Иван Петрович точно помнил, что когда они с Мещерским ехали в заведение к Эльзе Карловне, то было тепло и не нужна была медвежья полость, которой Мещерский укутал им ноги, а сейчас, когда он вышел из приветливого домика в Замоскворечье, внезапно опять наступила зима. Лавиной шел снег с потемневших небес, как будто стыдился за всю эту землю, желая ее побыстрее сокрыть от грустного ангела там, в поднебесье. И он облепил всех прохожих во тьме, они стали тихо сверкать, попадая под свет фонарей, освещающих их пушистые, заиндевевшие спины. Иван Петрович почувствовал себя в безопасности, когда сам стал похожим на снеговика, неотличимого от других таких же снеговиков, торопливо идущих по улицам. Жгучий стыд, пронзающий его насквозь, стал не таким жгучим: снег охлаждал его своими прикосновениями. Дома, в Подкопаевском, Иван Петрович бросился на кровать, накрыл голову подушкой и сразу заснул, однако не долее, как через полчаса почувствовал, что рядом с ним кто-то лежит. Не веря глазам своим, он увидел, что это Акулина, которая, раскинувши по плечу его свои рыжие волосы, крепко спит от усталости. Не помня себя, он не стал даже и выяснять подробности того, как отчаянная крепостная женщина, к тому же с дитем в животе, добралась сюда, в Подкопаевский, а просто протянул обе руки, чтоб крепко обнять возлюбленную, но руки схватили сперва пустоту, потом кусок шелковой белой подушки.

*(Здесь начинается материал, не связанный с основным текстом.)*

lemma uniform_simple_function_approx:
  fixes f :: "'a \<Rightarrow> real"
  assumes f: "f \<in> borel_measurable M" and bound: "\<forall>x\<in>space M. \<bar>f x\<bar> \<le> B" and "\<epsilon> > 0"
  obtains g where "simple_function M g" "\<forall>x\<in>space M. \<bar>f x - g x\<bar> \<le> \<epsilon>"
proof
  define g where "g x = \<epsilon> * \<lfloor>f x / \<epsilon>\<rfloor>" for x
  have "g ` space M \<subseteq> (\<lambda>j. \<epsilon> * of_int j) ` {\<lfloor>- B / \<epsilon>\<rfloor>..\<lfloor>B / \<epsilon>\<rfloor>}"
  proof
    fix y assume "y \<in> g ` space M"
    then obtain x where x: "x \<in> space M" "y = g x" by blast
    have "\<bar>f x\<bar> \<le> B"
      using bound x by blast
    then have "- B / \<epsilon> \<le> f x / \<epsilon>" "f x / \<epsilon> \<le> B / \<epsilon>"
      using \<open>\<epsilon> > 0\<close> by (simp_all add: divide_le_eq le_divide_eq abs_le_iff)
    then show "y \<in> (\<lambda>j. \<epsilon> * of_int j) ` {\<lfloor>- B / \<epsilon>\<rfloor>..\<lfloor>B / \<epsilon>\<rfloor>}"
      using x unfolding g_def by (auto intro!: floor_mono)
  qed
  then have "finite (g ` space M)"
    by (rule finite_subset) simp
  moreover have "g \<in> borel_measurable M"
    unfolding g_def using f by measurable
  ultimately show "simple_function M g"
    by (rule simple_function_borel_measurable[rotated])
  have "0 \<le> f x - g x" "f x - g x \<le> \<epsilon>" for x
  proof -
    have "\<epsilon> * of_int \<lfloor>f x / \<epsilon>\<rfloor> \<le> \<epsilon> * (f x / \<epsilon>)"
      using \<open>\<epsilon> > 0\<close> by (intro mult_left_mono) simp_all
    moreover have "\<epsilon> * (f x / \<epsilon>) < \<epsilon> * (of_int \<lfloor>f x / \<epsilon>\<rfloor> + 1)"
      using \<open>\<epsilon> > 0\<close> by (intro mult_strict_left_mono) simp_all
    ultimately show "0 \<le> f x - g x" "f x - g x \<le> \<epsilon>"
      using \<open>\<epsilon> > 0\<close> unfolding g_def by (simp_all add: algebra_simps)
  qed
  then show "\<forall>x\<in>space M. \<bar>f x - g x\<bar> \<le> \<epsilon>"
    by (simp add: abs_le_iff)
qed

lemma (in prob_space) abs_integral_diff_le:
  fixes f g :: "'a \<Rightarrow> real"
  assumes "integrable M f" "integrable M g" "\<forall>x\<in>space M. \<bar>f x - g x\<bar> \<le> \<epsilon>"
  shows "\<bar>(\<integral>x. f x \<partial>M) - (\<integral>x. g x \<partial>M)\<bar> \<le> \<epsilon>"
proof -
  have "\<bar>(\<integral>x. f x \<partial>M) - (\<integral>x. g x \<partial>M)\<bar> = \<bar>\<integral>x. f x - g x \<partial>M\<bar>"
    using assms by simp
  also have "\<dots> \<le> (\<integral>x. \<bar>f x - g x\<bar> \<partial>M)"
    using integral_norm_bound[of M "\<lambda>x. f x - g x"] by simp
  also have "\<dots> \<le> \<epsilon>"
    using assms by (intro integral_le_const) auto
  finally show ?thesis .
qed

lemma setwise_conv_tendsto_integral:
  fixes f :: "'a \<Rightarrow> real"
  assumes N: "\<And>m. prob_space (N m)" and sets_N: "\<And>m. sets (N m) = sets M"
    and M: "prob_space M" and conv: "setwise_conv N M"
    and f: "f \<in> borel_measurable M" and bound: "\<forall>x\<in>space M. \<bar>f x\<bar> \<le> B"
  shows "(\<lambda>m. \<integral>x. f x \<partial>N m) \<longlonglongrightarrow> (\<integral>x. f x \<partial>M)"
proof (rule tendstoI)
  fix r :: real assume "r > 0"
  then obtain g where g: "simple_function M g" and approx: "\<forall>x\<in>space M. \<bar>f x - g x\<bar> \<le> r / 3"
    using uniform_simple_function_approx[OF f bound, of "r / 3"] by auto
  have space_N: "space (N m) = space M" for m
    using sets_N by (rule sets_eq_imp_space_eq)
  have integrable: "integrable K f" "integrable K g" if "prob_space K" "sets K = sets M" for K
  proof -
    interpret prob_space K by fact
    have space_K: "space K = space M"
      using \<open>sets K = sets M\<close> by (rule sets_eq_imp_space_eq)
    have "f \<in> borel_measurable K" "g \<in> borel_measurable K"
      using f borel_measurable_simple_function[OF g] measurable_cong_sets[OF \<open>sets K = sets M\<close> refl]
      by blast+
    moreover have "\<bar>g x\<bar> \<le> B + r / 3" if "x \<in> space M" for x
      using bound approx that by (smt (verit, best))
    ultimately show "integrable K f" "integrable K g"
      using bound space_K by (auto intro!: integrable_const_bound AE_I2)
  qed
  have close_N: "\<bar>(\<integral>x. f x \<partial>N m) - (\<integral>x. g x \<partial>N m)\<bar> \<le> r / 3" for m
    using prob_space.abs_integral_diff_le[OF N] integrable[OF N sets_N] approx space_N by metis
  have close_M: "\<bar>(\<integral>x. f x \<partial>M) - (\<integral>x. g x \<partial>M)\<bar> \<le> r / 3"
    using prob_space.abs_integral_diff_le[OF M] integrable[OF M refl] approx by metis
  have "eventually (\<lambda>m. dist (\<integral>x. g x \<partial>N m) (\<integral>x. g x \<partial>M) < r / 3) sequentially"
    using setwise_conv_tendsto_integral_simple_function[OF _ sets_N _ conv g] N M \<open>r > 0\<close>
    by (intro tendstoD) (auto intro: prob_space.finite_measure)
  then show "eventually (\<lambda>m. dist (\<integral>x. f x \<partial>N m) (\<integral>x. f x \<partial>M) < r) sequentially"
  proof (rule eventually_mono)
    fix m assume "dist (\<integral>x. g x \<partial>N m) (\<integral>x. g x \<partial>M) < r / 3"
    with close_N[of m] close_M show "dist (\<integral>x. f x \<partial>N m) (\<integral>x. f x \<partial>M) < r"
      unfolding dist_real_def by linarith
  qed
qed

lemma limsup_INF_le_INF_lim:
  fixes a :: "'i \<Rightarrow> nat \<Rightarrow> 'a::{complete_linorder, linorder_topology}"
  assumes "\<And>i. i \<in> I \<Longrightarrow> a i \<longlonglongrightarrow> b i"
  shows "limsup (\<lambda>m. INF i\<in>I. a i m) \<le> (INF i\<in>I. b i)"
proof (rule INF_greatest)
  fix i assume "i \<in> I"
  then have "limsup (\<lambda>m. INF i\<in>I. a i m) \<le> limsup (a i)"
    by (intro Limsup_mono always_eventually allI INF_lower)
  also have "\<dots> = b i"
    using assms[OF \<open>i \<in> I\<close>] by (intro lim_imp_Limsup) simp_all
  finally show "limsup (\<lambda>m. INF i\<in>I. a i m) \<le> b i" .
qed

lemma measurable_team_action_profile:
  assumes "team_policy n Y U \<gamma>"
  shows "(\<lambda>z. (fst z, \<lambda>i\<in>{..<n}. \<gamma> i (snd z i)))
    \<in> info_space n Y \<rightarrow>\<^sub>M borel \<Otimes>\<^sub>M (\<Pi>\<^sub>M i\<in>{..<n}. Usp U i)"
  unfolding info_space_def
proof (intro measurable_Pair measurable_fst measurable_restrict)
  fix i assume "i \<in> {..<n}"
  then have "\<gamma> i \<in> Ysp Y i \<rightarrow>\<^sub>M Usp U i"
    using assms unfolding team_policy_def by blast
  moreover have "(\<lambda>z. snd z i) \<in> borel \<Otimes>\<^sub>M (\<Pi>\<^sub>M i\<in>{..<n}. Ysp Y i) \<rightarrow>\<^sub>M Ysp Y i"
    using \<open>i \<in> {..<n}\<close> by measurable
  ultimately show "(\<lambda>z. \<gamma> i (snd z i)) \<in> borel \<Otimes>\<^sub>M (\<Pi>\<^sub>M i\<in>{..<n}. Ysp Y i) \<rightarrow>\<^sub>M Usp U i"
    by (rule measurable_compose[rotated])
qed

lemma team_cost_tendsto:
  assumes A1: "assumption_A1 n U c"
    and info_m: "\<forall>m. info_structure n Y (\<mu>s m)" and info: "info_structure n Y \<mu>"
    and conv: "setwise_conv \<mu>s \<mu>" and policy: "team_policy n Y U \<gamma>"
  shows "(\<lambda>m. team_cost n c (\<mu>s m) \<gamma>) \<longlonglongrightarrow> team_cost n c \<mu> \<gamma>"
proof -
  obtain B where
    c: "(\<lambda>(x, u). c x u) \<in> borel_measurable (borel \<Otimes>\<^sub>M (\<Pi>\<^sub>M i\<in>{..<n}. Usp U i))"
    and bound: "\<forall>x. \<forall>u\<in>(\<Pi>\<^sub>E i\<in>{..<n}. U i). \<bar>c x u\<bar> \<le> B"
    using A1 unfolding assumption_A1_def by blast
  have sets_\<mu>: "sets \<mu> = sets (info_space n Y)"
    using info unfolding info_structure_def by blast
  let ?profile = "\<lambda>z. (fst z, \<lambda>i\<in>{..<n}. \<gamma> i (snd z i))"
  have profile: "?profile \<in> \<mu> \<rightarrow>\<^sub>M borel \<Otimes>\<^sub>M (\<Pi>\<^sub>M i\<in>{..<n}. Usp U i)"
    using measurable_team_action_profile[OF policy] measurable_cong_sets[OF sets_\<mu> refl] by blast
  have "(\<lambda>z. c (fst z) (\<lambda>i\<in>{..<n}. \<gamma> i (snd z i))) \<in> borel_measurable \<mu>"
    using measurable_compose[OF profile c] by simp
  moreover have "\<forall>z\<in>space \<mu>. \<bar>c (fst z) (\<lambda>i\<in>{..<n}. \<gamma> i (snd z i))\<bar> \<le> B"
    using measurable_space[OF profile] bound
    by (auto simp: space_pair_measure space_PiM space_restrict_space)
  ultimately show ?thesis
    using info_m info conv sets_\<mu> unfolding team_cost_def info_structure_def
    by (intro setwise_conv_tendsto_integral) auto
qed
(* Let $(w^*,\lambda^* )$ with $w^*\in[0,1]^n$, $\lambda^*\in\mathbb{R}^{d-1}$ be an optimal solution of the program defining $V$ (so $X^T(w^*\star(\tilde X\lambda^*-y))=0$ and $\|w^*\|_1=V$). Let $R^*$ be the region containing $\lambda^*$, and suppose that for every $\lambda\in R^*$ the number of $i\in[n]\setminus(B^*_M\cup B^*_{\delta M})$ with $\left|\frac{|r_i(\lambda)|}{|r_i(\lambda^* )|}-1\right|>\epsilon$ is at most $\epsilon n$, where $B^*_M=\{i:|r_i(\lambda^* )|>M\}$ and $B^*_{\delta M}=\{i:|r_i(\lambda^* )|\le\delta M/\sqrt n\}$. Then either $\max_R|B_{\delta M}(R)|>\epsilon n$, or $$V-12\epsilon n-1\le\max_R\hat V(R)\le V,$$ where the maxima are over all regions $R$.
   Context: Samples $(X_i,y_i)_{i=1}^n$, $X_i\in\mathbb{R}^d$, $y_i\in\mathbb{R}$; $X$ is the $n\times d$ matrix with rows $X_i$; $\tilde X$ is the $n\times(d-1)$ matrix of columns $2,\dots,d$ of $X$ with rows $\tilde X_i$; $r_i(\lambda)=\langle\tilde X_i,\lambda\rangle-y_i$; $\star$ is the entrywise product. $V:=\sup\{\|w\|_1: w\in[0,1]^n,\lambda\in\mathbb{R}^{d-1}, X^T(w\star(\tilde X\lambda-y))=0\}$ (so $V=n$ minus the finite-sample stability). $M=\|X\beta^{(0)}-y\|_2$ with $\beta^{(0)}$ any minimizer of $\|X\beta-y\|_2^2$. Fix $\epsilon,\delta>0$ and $S\subseteq[n]$. Let $\mathcal E$ be the equations: $r_i(\lambda)=0$ ($i\in[n]$); $r_i(\lambda)=\pm M$ ($i\in[n]$); $r_i(\lambda)=\pm\delta M/\sqrt n$ ($i\in[n]$); $r_i(\lambda)=\pm(1+\epsilon)^k\delta M/\sqrt n$ ($i\in S$, $0\le k\le\lceil\log_{1+\epsilon}(\sqrt n/\delta)\rceil$). Regions: for each satisfiable assignment of the equations of $\mathcal E$ to $\{=,<,>\}$, the set of $\lambda$ satisfying them with strict inequalities made non-strict. For each region $R$ fix a representative $\lambda_0(R)\in R$ and a sign vector $\sigma\in\{-1,1\}^n$ such that $\sigma_i=1$ implies $r_i(\lambda)\ge0$ for all $\lambda\in R$ and $\sigma_i=-1$ implies $r_i(\lambda)\le 0$ for all $\lambda\in R$. Let $B_M(R)=\{i:|r_i(\lambda_0(R))|>M\}$, $B_{\delta M}(R)=\{i:|r_i(\lambda_0(R))|<\delta M/\sqrt n\}$. Let $(\hat g(R),\hat\lambda(R))$ be any maximizer over $g\in\mathbb{R}^n$, $\lambda\in R$ of $\sum_{i\in[n]\setminus(B_M(R)\cup B_{\delta M}(R))}\min\!\left(\frac{g_i}{r_i(\lambda_0(R))},1\right)$ subject to $X^Tg=0$, $0\le g_i\le r_i(\lambda)$ for $\sigma_i=1$, and $r_i(\lambda)\le g_i\le0$ for $\sigma_i=-1$. Define $\hat V(R)=\sum_{i\in[n]}\frac{\hat g(R)_i}{r_i(\hat\lambda(R))}$ with the convention $0/0=1$. If several regions contain $\lambda^*$, $R^*$ is any one of them. *)

theory Defs
  imports Complex_Main
begin

text \<open>Conventions: samples are indexed by i < n (0-based), columns of X by j < d.
  The reduced matrix (columns 2..d of X) has entries X i (Suc j), j < d - 1.
  Vectors lambda in R^(d-1) are functions nat => real vanishing from index d - 1 on.\<close>

definition vecs :: "nat \<Rightarrow> (nat \<Rightarrow> real) set" where
  "vecs k = {v. \<forall>j\<ge>k. v j = 0}"

definition resid :: "(nat \<Rightarrow> nat \<Rightarrow> real) \<Rightarrow> (nat \<Rightarrow> real) \<Rightarrow> nat \<Rightarrow> (nat \<Rightarrow> real) \<Rightarrow> nat \<Rightarrow> real" where
  "resid X y d lam i = (\<Sum>j<d - 1. X i (Suc j) * lam j) - y i"

definition feasV :: "(nat \<Rightarrow> nat \<Rightarrow> real) \<Rightarrow> (nat \<Rightarrow> real) \<Rightarrow> nat \<Rightarrow> nat \<Rightarrow> (nat \<Rightarrow> real) \<Rightarrow> (nat \<Rightarrow> real) \<Rightarrow> bool" where
  "feasV X y n d w lam \<longleftrightarrow> (\<forall>i<n. 0 \<le> w i \<and> w i \<le> 1) \<and> lam \<in> vecs (d - 1) \<and>
     (\<forall>j<d. (\<Sum>i<n. X i j * (w i * resid X y d lam i)) = 0)"

definition Vval :: "(nat \<Rightarrow> nat \<Rightarrow> real) \<Rightarrow> (nat \<Rightarrow> real) \<Rightarrow> nat \<Rightarrow> nat \<Rightarrow> real" where
  "Vval X y n d = Sup {(\<Sum>i<n. \<bar>w i\<bar>) | w lam. feasV X y n d w lam}"
(* Let $A\in\mathcal S_n^+$ have rank $2$. Then $\operatorname{st}_+(A)=2$.
   Context: $\mathcal S_n^+$ is the set of $n\times n$ symmetric entrywise nonnegative real matrices. The SNT-rank $\operatorname{st}_+(A)$ of $A\in\mathcal S_n^+$ is the minimal $k$ such that $A=BCB^T$ with $B$ an entrywise nonnegative $n\times k$ matrix and $C$ a symmetric entrywise nonnegative $k\times k$ matrix. *)

theory Defs
  imports "Jordan_Normal_Form.DL_Rank"
begin

definition nonneg_mat :: "real mat \<Rightarrow> bool" where
  "nonneg_mat M \<longleftrightarrow> (\<forall>i<dim_row M. \<forall>j<dim_col M. M $$ (i, j) \<ge> 0)"

definition sym_nonneg_mat :: "nat \<Rightarrow> real mat \<Rightarrow> bool" where
  "sym_nonneg_mat n A \<longleftrightarrow> A \<in> carrier_mat n n \<and> A\<^sup>T = A \<and> nonneg_mat A"

definition snt_rank :: "nat \<Rightarrow> real mat \<Rightarrow> nat" where
  "snt_rank n A = (LEAST k. \<exists>B C. B \<in> carrier_mat n k \<and> nonneg_mat B \<and>
      sym_nonneg_mat k C \<and> A = B * C * B\<^sup>T)"

end

theory Submission
  imports Defs
begin

text \<open>The columns of a rank-2 nonnegative matrix lie in a plane, and the nonnegative vectors of
  that plane form a cone generated by two nonnegative vectors \<open>w1, w2\<close>, each vanishing at an index
  where the other does not. Every column is then a nonnegative combination of \<open>w1, w2\<close>, with
  coefficients read off at those two indices; by symmetry the coefficient matrix is itself of the
  form \<open>C [w1 w2]\<^sup>T\<close>, so \<open>A = B C B\<^sup>T\<close> with \<open>B = [w1 w2]\<close>. An inner dimension \<open>\<le> 1\<close> would force
  rank \<open>\<le> 1\<close>.\<close>

definition multiple_on :: "nat \<Rightarrow> (nat \<Rightarrow> 'a::comm_ring_1) \<Rightarrow> (nat \<Rightarrow> 'a) \<Rightarrow> bool" where
  "multiple_on n u v \<longleftrightarrow> (\<exists>t. \<forall>r<n. u r = t * v r)"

– Ты где, Акулина? – спросил он ее.

Но рядом, оказывается, лежала не Акулина, а толстая Эльза Карловна, которую он принялся неучтиво сталкивать на пол, отчего она сперва захихикала, будто они играют в какую-то ребячью игру, а потом, чтобы не ушибиться при падении, уцепилась за него жесткими своими пальчиками, сплошь в крупных бриллиантовых кольцах.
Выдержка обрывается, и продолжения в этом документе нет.